As the popularity of bitcoin keeps surging, the virtual currency faces increased scrutiny from state regulators in Massachusetts and others in the entire US.
“We will be trying to come up with a model law or regulations states can use. This has gotten a lot of attention, and we want to make sure when we act, we get it right,” Boston Herald quoted David Cotney, commissioner at the Massachusetts Division of Banks as saying.
Cotney also chairs the Emerging Payment Task Force, which is constituted by nine state regulators with the view of looking into how cryptocurrencies work.
The group held a hearing on the issue, where bitcoin-related investors and regulators had been invited to offer testimony.
Regulator Barbara Anthony from the Massachusetts Office of Consumer Affairs and Business Regulation said that while some financial institutions wanted to venture into the virtual currency, they had not been well informed on potential risks.
She said that users needed to realize that trading in virtual currencies was associated with certain challenges.

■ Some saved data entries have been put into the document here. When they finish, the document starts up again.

text \<open>A plane embedding of the rooted tree, given by a left-to-right strict linear order lt on
each layer, compatible with the tree (children of a node to the left lie to the left).\<close>
definition plane_order :: "'a set \<Rightarrow> 'a \<Rightarrow> ('a \<Rightarrow> 'a) \<Rightarrow> ('a \<Rightarrow> 'a \<Rightarrow> bool) \<Rightarrow> bool" where
  "plane_order V r par lt \<longleftrightarrow>
     (\<forall>u v. lt u v \<longrightarrow> u \<in> V \<and> v \<in> V \<and> depth r par u = depth r par v)
   \<and> (\<forall>u. \<not> lt u u)
   \<and> (\<forall>u v w. lt u v \<longrightarrow> lt v w \<longrightarrow> lt u w)
   \<and> (\<forall>u\<in>V. \<forall>v\<in>V. depth r par u = depth r par v \<longrightarrow> u = v \<or> lt u v \<or> lt v u)
   \<and> (\<forall>u\<in>V. \<forall>v\<in>V. u \<noteq> r \<longrightarrow> v \<noteq> r \<longrightarrow> lt (par u) (par v) \<longrightarrow> lt u v)"

definition simple_graph :: "'a set \<Rightarrow> ('a \<Rightarrow> 'a \<Rightarrow> bool) \<Rightarrow> bool" where
  "simple_graph V E \<longleftrightarrow> (\<forall>u v. E u v \<longrightarrow> u \<in> V \<and> v \<in> V \<and> u \<noteq> v \<and> E v u)"

definition consecutive :: "('a \<Rightarrow> 'a \<Rightarrow> bool) \<Rightarrow> 'a \<Rightarrow> 'a \<Rightarrow> bool" where
  "consecutive lt u v \<longleftrightarrow> lt u v \<and> \<not> (\<exists>w. lt u w \<and> lt w v)"

definition layer_edge :: "'a \<Rightarrow> ('a \<Rightarrow> 'a) \<Rightarrow> ('a \<Rightarrow> 'a \<Rightarrow> bool) \<Rightarrow> 'a \<Rightarrow> 'a \<Rightarrow> bool" where
  "layer_edge r par E u v \<longleftrightarrow> E u v \<and> depth r par u = depth r par v"

definition layered_wheel ::
  "'a set \<Rightarrow> 'a \<Rightarrow> ('a \<Rightarrow> 'a) \<Rightarrow> ('a \<Rightarrow> 'a \<Rightarrow> bool) \<Rightarrow> ('a \<Rightarrow> 'a \<Rightarrow> bool) \<Rightarrow> bool" where
  "layered_wheel V r par lt E \<longleftrightarrow>
     \<comment> \<open>T: countably infinite, locally finite rooted tree embedded in the plane\<close>
     countable V \<and> infinite V \<and> rooted_tree V r par
   \<and> (\<forall>v\<in>V. finite (children V r par v))
   \<and> plane_order V r par lt
     \<comment> \<open>W: simple graph on V\<close>
   \<and> simple_graph V E
     \<comment> \<open>(1) each layer induces a finite path in left-to-right order\<close>
   \<and> (\<forall>n. finite (layer V r par n))
   \<and> (\<forall>n. \<forall>u\<in>layer V r par n. \<forall>v\<in>layer V r par n.
          E u v \<longleftrightarrow> consecutive lt u v \<or> consecutive lt v u)
     \<comment> \<open>(2) edges not in E_L join ancestor-descendant pairs\<close>
   \<and> (\<forall>u v. E u v \<and> \<not> layer_edge r par E u v \<longrightarrow> ancestor r par u v \<or> ancestor r par v u)
     \<comment> \<open>(3) bounded length of paths of T consisting of degree-2 nodes of T\<close>
   \<and> (\<exists>k. \<forall>xs. tree_path V r par xs \<and> (\<forall>x\<in>set xs. tdeg V r par x = 2) \<longrightarrow> length xs - 1 \<le> k)"

definition neat :: "'a set \<Rightarrow> 'a \<Rightarrow> ('a \<Rightarrow> 'a) \<Rightarrow> bool" where
  "neat V r par \<longleftrightarrow> (\<forall>v\<in>V. children V r par v \<noteq> {})"

definition upward_restricted ::
  "'a set \<Rightarrow> 'a \<Rightarrow> ('a \<Rightarrow> 'a) \<Rightarrow> ('a \<Rightarrow> 'a \<Rightarrow> bool) \<Rightarrow> bool" where
  "upward_restricted V r par E \<longleftrightarrow> (\<exists>t::nat. \<forall>v\<in>V. \<exists>X. finite X \<and> card X \<le> t
      \<and> (\<forall>x\<in>X. ancestor r par x v)
      \<and> (\<forall>x y. E x y \<and> \<not> layer_edge r par E x y \<and> ancestor r par v x \<and> \<not> ancestor r par v y
              \<longrightarrow> y \<in> X))"

text \<open>red edge between parts P, P' (parts are subsets of S, so E restricted to them is E[S])\<close>
definition red_edge :: "('a \<Rightarrow> 'a \<Rightarrow> bool) \<Rightarrow> 'a set \<Rightarrow> 'a set \<Rightarrow> bool" where
  "red_edge E P P' \<longleftrightarrow> P \<noteq> P' \<and>
     (\<exists>u\<in>P. \<exists>v\<in>P. \<exists>u'\<in>P'. \<exists>v'\<in>P'. E u u' \<and> \<not> E v v')"

definition red_maxdeg_le :: "('a \<Rightarrow> 'a \<Rightarrow> bool) \<Rightarrow> 'a set set \<Rightarrow> nat \<Rightarrow> bool" where
  "red_maxdeg_le E \<P> d \<longleftrightarrow> (\<forall>P\<in>\<P>. card {P'\<in>\<P>. red_edge E P P'} \<le> d)"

“The kinds of consumer protections that we’re used to, people have to understand they are not available to virtual currencies,” Anthony added.
Anthony also mentioned lack of a central regulatory authority as matter about which bitcoin users should be concerned.
Anthony pointed at bitcoin’s instability as one of the cryptocurrency’s common risks. She made the point that an amount of bitcoins may be worth $100 in one day but fluctuate to another value the following day, NewsBTC reported.
While no state regulations on the digital currency seem to be in the offing, at least for now, some stakeholders in the bitcoin fraternity appear to be pleased with the move by government officials to allow public input. Cotney said he has no immediate intentions to implement any regulations, although he could at some point down the road.